The other creative type, a carpenter with whom I was sharing this recent excavation of my soul with, could have had no idea how much that painting on that piece of wood meant to me. What it represented. So many people look at artwork face on, and it doesn't penetrate any of our other senses. The barriers of visual art keep us from reaching deeper into the craftsmanship, the meticulous care with which some of us strive to make a piece complete, and something about the remove makes me fiercely angry, because it is perpetually inaccessible. What is the point of any kind of expression, if it cannot truly breach the boundaries of perception? Why are we so afraid to touch each other, or to let ourselves be examined in return? Are we afraid of what others will see?

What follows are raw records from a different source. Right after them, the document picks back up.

(* For each integer $m\ge0$, both $\{G_j(x)^{q^m}\}_{j\ge0}$ and $\{D_j(x)^{q^m}\}_{j\ge0}$ are orthonormal bases of $C(O,K)$.
   Context: Let $q$ be a prime power, $K=\mathbf{F}_q((T))$, $O=\mathbf{F}_q[[T]]$ with $T$-adic absolute value. $C(O,K)$ is the $K$-Banach space of continuous functions $O\to K$ with sup-norm; a sequence $(f_n)$ is an orthonormal basis if every $f$ can be written uniquely as $f=\sum a_nf_n$ with $a_n\in K$, $a_n\to0$, and then $\|f\|=\max|a_n|$. For $n\ge1$: $[n]=T^{q^n}-T$, $F_0=1$, $F_n=[n][n-1]^q\cdots[1]^{q^{n-1}}$, $e_n(x)=\prod_{m\in\mathbf{F}_q[T],\deg m<n}(x-m)$; $E_0(x)=x$, $E_n=e_n/F_n$. Hasse derivatives: $\mathcal{D}_n(\sum_ia_iT^i)=\sum_i\binom{i}{n}a_iT^{i-n}$ (binomials in $\mathbf{F}_q$). For $j\ge0$ with base-$q$ expansion $j=\alpha_0+\cdots+\alpha_sq^s$ ($0\le\alpha_i<q$): $G_j=\prod_{n=0}^sE_n^{\alpha_n}$, $D_j=\prod_{n=0}^s\mathcal{D}_n^{\alpha_n}$ ($G_0=D_0=1$). *)

theory Defs
  imports "HOL-Analysis.Analysis" "HOL-Computational_Algebra.Formal_Laurent_Series"
begin

text \<open>Setting: 'a is a finite field F_q (q = CARD('a), automatically a prime power),
  K = 'a fls = F_q((T)) with the library's T-adic metric
  dist a b = 2^(-v(a-b)), O = F_q[[T]] = {x. v(x) >= 0}.\<close>

definition tabs :: "'a::{finite,field} fls \<Rightarrow> real" where
  "tabs x = dist x 0"

definition Oring :: "'a::{finite,field} fls set" where
  "Oring = {x. 0 \<le> fls_subdegree x}"

definition CO :: "('a::{finite,field} fls \<Rightarrow> 'a fls) \<Rightarrow> bool" where
  "CO f \<longleftrightarrow> continuous_on Oring f"

definition supnorm :: "('a::{finite,field} fls \<Rightarrow> 'a fls) \<Rightarrow> real" where
  "supnorm f = (SUP x\<in>Oring. tabs (f x))"

definition orthonormal_basis :: "(nat \<Rightarrow> 'a::{finite,field} fls \<Rightarrow> 'a fls) \<Rightarrow> bool" where
  "orthonormal_basis g \<longleftrightarrow>
     (\<forall>n. CO (g n)) \<and>
     (\<forall>f. CO f \<longrightarrow>
        (\<exists>!a::nat \<Rightarrow> 'a fls. (\<lambda>n. tabs (a n)) \<longlonglongrightarrow> 0 \<and>
              (\<lambda>N. supnorm (\<lambda>x. f x - (\<Sum>n<N. a n * g n x))) \<longlonglongrightarrow> 0) \<and>
        (\<forall>a::nat \<Rightarrow> 'a fls. (\<lambda>n. tabs (a n)) \<longlonglongrightarrow> 0 \<and>
              (\<lambda>N. supnorm (\<lambda>x. f x - (\<Sum>n<N. a n * g n x))) \<longlonglongrightarrow> 0
           \<longrightarrow> supnorm f = (SUP n. tabs (a n))))"

definition brk :: "nat \<Rightarrow> 'a::{finite,field} fls" where
  "brk n = fls_X ^ (CARD('a) ^ n) - fls_X"

definition Fcar :: "nat \<Rightarrow> 'a::{finite,field} fls" where
  "Fcar n = (\<Prod>i\<in>{1..n}. brk i ^ (CARD('a) ^ (n - i)))"

definition polys_lt :: "nat \<Rightarrow> 'a::{finite,field} fls set" where
  "polys_lt n = {p. \<forall>i. fls_nth p i \<noteq> 0 \<longrightarrow> 0 \<le> i \<and> i < int n}"

definition ecar :: "nat \<Rightarrow> 'a::{finite,field} fls \<Rightarrow> 'a fls" where
  "ecar n x = (\<Prod>m\<in>polys_lt n. x - m)"

definition Ecar :: "nat \<Rightarrow> 'a::{finite,field} fls \<Rightarrow> 'a fls" where
  "Ecar n x = (if n = 0 then x else ecar n x / Fcar n)"

text \<open>Hasse derivative: D_n(sum a_i T^i) = sum_i binom(i,n) a_i T^(i-n), for x in O.\<close>
definition hasse :: "nat \<Rightarrow> 'a::{finite,field} fls \<Rightarrow> 'a fls" where
  "hasse n x = fps_to_fls (Abs_fps (\<lambda>k. of_nat ((k + n) choose n) * fls_nth x (int (k + n))))"

definition digit :: "nat \<Rightarrow> nat \<Rightarrow> nat \<Rightarrow> nat" where
  "digit q j n = (j div q ^ n) mod q"

definition Gfun :: "nat \<Rightarrow> 'a::{finite,field} fls \<Rightarrow> 'a fls" where
  "Gfun j x = (\<Prod>n\<le>j. Ecar n x ^ digit CARD('a) j n)"

definition Dfun :: "nat \<Rightarrow> 'a::{finite,field} fls \<Rightarrow> 'a fls" where
  "Dfun j x = (\<Prod>n\<le>j. hasse n x ^ digit CARD('a) j n)"

end

(*
  Reduction modulo T maps O onto F_q.  Since E_n(x) = kappa_n x_n and D_n(x) = x_n modulo T,
  where x_n is the n-th T-adic digit of x and kappa_n is a nonzero constant, and since Frobenius
  fixes F_q, the reduction of G_j(x)^(q^m) and of D_j(x)^(q^m) is a nonzero constant times the
  digit monomial  prod_n x_n^(alpha_n).  For E_n this comes from comparing lowest terms in
  e_n(x) = E_n(x) F_n, using v(F_n) = n + sum of v(m) over the nonzero m with deg m < n.

  For every k the digit monomials with j < q^k form a basis of the functions F_q^k -> F_q: they
  span by Lagrange interpolation in each digit, and there are q^k of them.  Any family of
  continuous O-valued functions with such reductions is an orthonormal basis.  Reducing the
  lowest-order coefficients shows that a finite combination has sup norm max |a_n|, which gives
  uniqueness and the norm formula.  A continuous function is uniformly continuous on the compact
  ring O, so its coefficient of T^t only depends on finitely many digits; successive approximation
  modulo T^(t+1) then produces T-adically convergent coefficients.
*)

theory Submission
  imports Defs
begin

unbundle fps_syntax

section \<open>Valuations of Laurent series\<close>

text \<open>\<open>val_ge t z\<close> means \<open>v(z) \<ge> t\<close>, with \<open>v(0) = \<infinity>\<close>; note that \<open>fls_subdegree 0 = 0\<close>.\<close>
definition val_ge :: "int \<Rightarrow> 'a::zero fls \<Rightarrow> bool" where
  "val_ge t z \<longleftrightarrow> (\<forall>i<t. z $$ i = 0)"

lemma val_ge_0 [simp]: "val_ge t 0"
  by (simp add: val_ge_def)

lemma val_ge_add: "val_ge t a \<Longrightarrow> val_ge t b \<Longrightarrow> val_ge t (a + (b::'a::monoid_add fls))"
  by (simp add: val_ge_def)

lemma val_ge_diff: "val_ge t a \<Longrightarrow> val_ge t b \<Longrightarrow> val_ge t (a - (b::'a::group_add fls))"
  by (simp add: val_ge_def)

lemma val_ge_minus_iff [simp]: "val_ge t (- a) \<longleftrightarrow> val_ge t (a::'a::group_add fls)"
  by (simp add: val_ge_def)

lemma val_ge_diff_commute: "val_ge t (a - b) \<longleftrightarrow> val_ge t (b - (a::'a::group_add fls))"
  by (metis minus_diff_eq val_ge_minus_iff)

lemma val_ge_sum:
  "(\<And>i. i \<in> A \<Longrightarrow> val_ge t (f i)) \<Longrightarrow> val_ge t (\<Sum>i\<in>A. f i :: 'a::comm_monoid_add fls)"
  by (simp add: val_ge_def fls_nth_sum)

lemma val_ge_mono: "val_ge t a \<Longrightarrow> s \<le> t \<Longrightarrow> val_ge s a"
  by (simp add: val_ge_def)

lemma val_ge_iff_le_subdegree: "z \<noteq> 0 \<Longrightarrow> val_ge t z \<longleftrightarrow> t \<le> fls_subdegree z"
proof
  assume "z \<noteq> 0" "val_ge t z"
  then show "t \<le> fls_subdegree z"
    unfolding val_ge_def using nth_fls_subdegree_nonzero not_less by blast
qed (simp add: val_ge_def)

lemma val_ge_subdegree: "val_ge (fls_subdegree z) z"
  by (simp add: val_ge_def)

lemma val_ge_succ: "val_ge t z \<Longrightarrow> z $$ t = 0 \<Longrightarrow> val_ge (t + 1) z"
  unfolding val_ge_def by (metis zless_add1_eq)

lemma val_ge_mult:
  assumes "val_ge s a" "val_ge t (b::'a::{comm_monoid_add,mult_zero} fls)"
  shows "val_ge (s + t) (a * b)"
proof (cases "a = 0 \<or> b = 0")
  case False
  then have "s \<le> fls_subdegree a" "t \<le> fls_subdegree b"
    using assms val_ge_iff_le_subdegree by auto
  then show ?thesis unfolding val_ge_def using fls_times_nth_eq0 by force
qed auto

lemma fls_times_nth_val_ge:
  assumes "val_ge s a" "val_ge u (b::'a::comm_ring_1 fls)"
  shows "(a * b) $$ (s + u) = a $$ s * b $$ u"
proof (cases "a = 0 \<or> b = 0")
  case False
  then have sa: "s \<le> fls_subdegree a" and sb: "u \<le> fls_subdegree b"
    using assms val_ge_iff_le_subdegree by auto
  show ?thesis
  proof (cases "s = fls_subdegree a \<and> u = fls_subdegree b")
    case True
    then show ?thesis using fls_times_base[of a b] by simp
  next
    case False
    then have "s + u < fls_subdegree a + fls_subdegree b" using sa sb by linarith
    moreover have "a $$ s = 0 \<or> b $$ u = 0" using False sa sb by (cases "s < fls_subdegree a") auto
    ultimately show ?thesis using fls_times_nth_eq0 by fastforce
  qed
qed auto

section \<open>The \<open>T\<close>-adic absolute value\<close>

lemma tabs_eq: "tabs (z::'a::{finite,field} fls) = (if z = 0 then 0 else 2 powr - real_of_int (fls_subdegree z))"
  unfolding tabs_def dist_fls_def by (auto simp: powr_realpow[symmetric] powr_minus)

lemma dist_eq_tabs: "dist a b = tabs (a - b :: 'a::{finite,field} fls)"
  unfolding tabs_def dist_fls_def by simp

lemma tabs_nonneg: "0 \<le> tabs z"
  by (simp add: tabs_def)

He took it from me, looked, appraised its visual appeal with his eyes, then rolled it around in his knowing, work-roughed hands. He flipped it over and felt the back, he looked at all sides of it, found value in it and acknowledged that as he handed it back to me. It was a moment, but it was my entire life, my soul and body's yearning to be handled and explored so specifically, respectfully as a whole, the front and the back, the hard and the soft parts. To be explored and witnessed, and accepted for what is there... by hands as sensitive and conscious as eyeballs. All the blemishes and scratches, down to the roots and the core, the structure underneath the shine, witnessed and accepted as valuable simply because I exist. 

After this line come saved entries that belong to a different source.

lemma bad_ratio_event_subset:
  assumes \<epsilon>: "\<epsilon> > 0" and \<delta>: "\<delta> > 0" "\<delta> \<le> 1/2" "\<delta> \<le> \<epsilon> / (4 * (c / real (k+2) + 3 + \<epsilon>))"
    and mean: "mean n (k+1) > 0" "mean n (k+2) \<ge> 0" "mean n (k+2) \<le> (c / real (k+2) + \<delta>) * mean n (k+1)"
    and Y: "Y \<in> subcomplexes n" "dim_ge Y k"
      "real (betti k Y) / real (fnum k Y) < 1 - c / real (k+2) - \<epsilon>"
  shows "Y \<in> deviation_event \<delta> n (k+1) \<union> deviation_event \<delta> n (k+2) \<union> many_lower_faces_event \<delta> n"
proof (rule ccontr)
  assume "Y \<notin> deviation_event \<delta> n (k+1) \<union> deviation_event \<delta> n (k+2) \<union> many_lower_faces_event \<delta> n"
  moreover have "{} \<in> Y"
    using Y(2) subcomplex_downward_closed[OF Y(1)] unfolding dim_ge_def by blast
  ultimately have f: "\<bar>face_count (k+1) Y - mean n (k+1)\<bar> < \<delta> * mean n (k+1)"
      "\<bar>face_count (k+2) Y - mean n (k+2)\<bar> < \<delta> * mean n (k+2)"
      "face_count k Y < \<delta> * mean n (k+1)"
    unfolding deviation_event_def many_lower_faces_event_def by auto
  have "face_count (k+1) Y - face_count k Y - face_count (k+2) Y \<le> real (betti k Y)"
    using betti_ge_faces_diff[OF subcomplex_finite[OF Y(1)]] by (simp add: face_count_def)
  then have "1 - c / real (k+2) - \<epsilon> \<le> real (betti k Y) / face_count (k+1) Y"
    using c_pos by (intro ratio_ge_of_concentrated_counts[OF \<delta> _ \<epsilon> mean(1,3,2) f]) auto
  moreover have "real (fnum k Y) = face_count (k+1) Y" by (simp add: fnum_def face_count_def faces_def)
  ultimately show False using Y(3) by simp
qed

lemma mean_pos: "face_prob (X n) 0 > 0 \<Longrightarrow> face_prob (X n) j > 0 \<Longrightarrow> j \<le> n \<Longrightarrow> mean n j > 0"
  by (simp add: nonempty_mean_faces_def)

lemma eventually_prob_bad_ratio_le:
  assumes \<epsilon>: "\<epsilon> > 0" and \<delta>: "\<delta> > 0" "\<delta> \<le> 1/2" "\<delta> \<le> \<epsilon> / (4 * (c / real (k+2) + 3 + \<epsilon>))"
  shows "eventually (\<lambda>n. measure_pmf.prob (X n) (bad_ratio_event \<epsilon>)
    \<le> measure_pmf.prob (X n) (deviation_event \<delta> n (k+1)) + measure_pmf.prob (X n) (deviation_event \<delta> n (k+2))
      + measure_pmf.prob (X n) (many_lower_faces_event \<delta> n)) sequentially"
  using eventually_face_prob_pos eventually_mean_ratio_le[OF \<delta>(1)]
proof eventually_elim
  case (elim n)
  interpret spatially_independent_subcomplex n "X n" by (rule model)
  have mean: "mean n (k+1) > 0" "mean n (k+2) \<ge> 0"
    using elim mean_pos[of n "k+1"] mean_pos[of n "k+2"] by auto
  have "measure_pmf.prob (X n) (bad_ratio_event \<epsilon>)
    \<le> measure_pmf.prob (X n) (deviation_event \<delta> n (k+1) \<union> deviation_event \<delta> n (k+2)
        \<union> many_lower_faces_event \<delta> n)"
    by (rule prob_mono) (use bad_ratio_event_subset[OF \<epsilon> \<delta> mean(1,2) elim(2)] in \<open>auto simp: bad_ratio_event_def\<close>)
  also have "\<dots> \<le> measure_pmf.prob (X n) (deviation_event \<delta> n (k+1) \<union> deviation_event \<delta> n (k+2))
      + measure_pmf.prob (X n) (many_lower_faces_event \<delta> n)"
    by (rule measure_subadditive) (auto simp: measure_pmf.emeasure_eq_measure)
  also have "\<dots> \<le> measure_pmf.prob (X n) (deviation_event \<delta> n (k+1))
      + measure_pmf.prob (X n) (deviation_event \<delta> n (k+2)) + measure_pmf.prob (X n) (many_lower_faces_event \<delta> n)"
    using measure_subadditive[of "deviation_event \<delta> n (k+1)" "X n" "deviation_event \<delta> n (k+2)"]
    by (auto simp: measure_pmf.emeasure_eq_measure)
  finally show ?case .
qed

lemma prob_dim_ge_ge:
  assumes "\<delta> \<le> 1/2" "mean n (k+1) > 0"
  shows "face_prob (X n) 0 - measure_pmf.prob (X n) (deviation_event \<delta> n (k+1))
    \<le> measure_pmf.prob (X n) {Y. dim_ge Y k}"
proof -
  interpret spatially_independent_subcomplex n "X n" by (rule model)
  have "face_prob (X n) 0 \<le> measure_pmf.prob (X n) ({Y. dim_ge Y k} \<union> deviation_event \<delta> n (k+1))"
    unfolding face_prob_def
    by (rule prob_mono) (use face_count_pos_of_not_deviation[OF _ _ assms] dim_ge_of_face_count_pos in auto)
  also have "\<dots> \<le> measure_pmf.prob (X n) {Y. dim_ge Y k} + measure_pmf.prob (X n) (deviation_event \<delta> n (k+1))"
    by (rule measure_subadditive) (auto simp: measure_pmf.emeasure_eq_measure)
  finally show ?thesis by simp
qed

theorem bad_ratio_cond_prob_tendsto_zero:
  assumes \<epsilon>: "\<epsilon> > 0"
  shows "(\<lambda>n. measure_pmf.prob (X n) (bad_ratio_event \<epsilon>) / measure_pmf.prob (X n) {Y. dim_ge Y k})
    \<longlonglongrightarrow> 0"
proof (rule tendsto_sandwich[OF _ _ tendsto_const])
  define \<delta> where "\<delta> = tolerance \<epsilon>"
  note \<delta> = tolerance[OF \<epsilon>, folded \<delta>_def]
  define D where "D n = measure_pmf.prob (X n) (deviation_event \<delta> n (k+1)) / face_prob (X n) 0" for n
  define E where "E n = (measure_pmf.prob (X n) (deviation_event \<delta> n (k+1))
    + measure_pmf.prob (X n) (deviation_event \<delta> n (k+2))
    + measure_pmf.prob (X n) (many_lower_faces_event \<delta> n)) / face_prob (X n) 0" for n
  have "(\<lambda>n. E n / (1 - D n)) \<longlonglongrightarrow> (0 + 0 + 0) / (1 - 0)"
    unfolding D_def E_def add_divide_distrib using \<delta>(1)
    by (intro tendsto_intros deviation_prob_vanishes many_lower_faces_prob_vanishes) auto
  then show "(\<lambda>n. E n / (1 - D n)) \<longlonglongrightarrow> 0" by simp
  have "D \<longlonglongrightarrow> 0" unfolding D_def by (rule deviation_prob_vanishes) (use \<delta> in auto)
  then have "eventually (\<lambda>n. D n < 1/2) sequentially" by (rule order_tendstoD(2)) simp
  with eventually_prob_bad_ratio_le[OF \<epsilon> \<delta>] eventually_face_prob_pos
  show "eventually (\<lambda>n. measure_pmf.prob (X n) (bad_ratio_event \<epsilon>) / measure_pmf.prob (X n) {Y. dim_ge Y k}
      \<le> E n / (1 - D n)) sequentially"
  proof eventually_elim
    case (elim n)
    then have q: "face_prob (X n) 0 > 0" "mean n (k+1) > 0" using mean_pos[of n "k+1"] by auto
    have "face_prob (X n) 0 * (1 - D n) \<le> measure_pmf.prob (X n) {Y. dim_ge Y k}"
      using prob_dim_ge_ge[OF \<delta>(2) q(2)] q(1) by (simp add: D_def algebra_simps)
    moreover have "face_prob (X n) 0 * (1 - D n) > 0" using q elim(3) by simp
    ultimately have "measure_pmf.prob (X n) (bad_ratio_event \<epsilon>) / measure_pmf.prob (X n) {Y. dim_ge Y k}
        \<le> (face_prob (X n) 0 * E n) / (face_prob (X n) 0 * (1 - D n))"
      using elim(1) q(1) by (intro frac_le) (auto simp: E_def)
    then show ?case using q(1) by simp
  qed
qed simp

end

theorem lemma5p5:
  fixes k :: nat and c :: real and X :: "nat \<Rightarrow> nat set set pmf"
  assumes "c > 0"
    and "\<And>n. \<forall>Y\<in>set_pmf (X n). is_subcomplex n Y"
    and "\<And>n. homogeneous n (X n)"
    and "\<And>n. spatially_independent n (X n)"
    and "filterlim (\<lambda>n. real n ^ (k + 1) * qprob (X n) k) at_top sequentially"
    and "(\<lambda>n. real n * rprob (X n) k) \<longlonglongrightarrow> c"
  shows "\<forall>\<epsilon>>0. (\<lambda>n.
      measure_pmf.prob (X n)
        {Y. real (betti k Y) / real (fnum k Y) < 1 - c / real (k + 2) - \<epsilon> \<and> dim_ge Y k}
      / measure_pmf.prob (X n) {Y. dim_ge Y k}) \<longlonglongrightarrow> 0"
proof -
  interpret sparse_random_subcomplexes X k c
    using assms by unfold_locales
  show ?thesis using bad_ratio_cond_prob_tendsto_zero unfolding bad_ratio_event_def by blast
qed

end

He will never know what that meant to me, and my interactions with him are random and a bit strained due to the odd consistency of life (full of lumpy weird bits)... but I learned something about myself in those few seconds, like a sudden burst of clarity. There was no emotional exchange, yet the depth of sharing from myself that was given without fear or expectation, based on my innate knowledge that the product I had created was of value... became the most intimate exchange I've ever experienced. Like a caress to my deepest principles. He would never remember that tiny moment, but I saw it, and it meant something.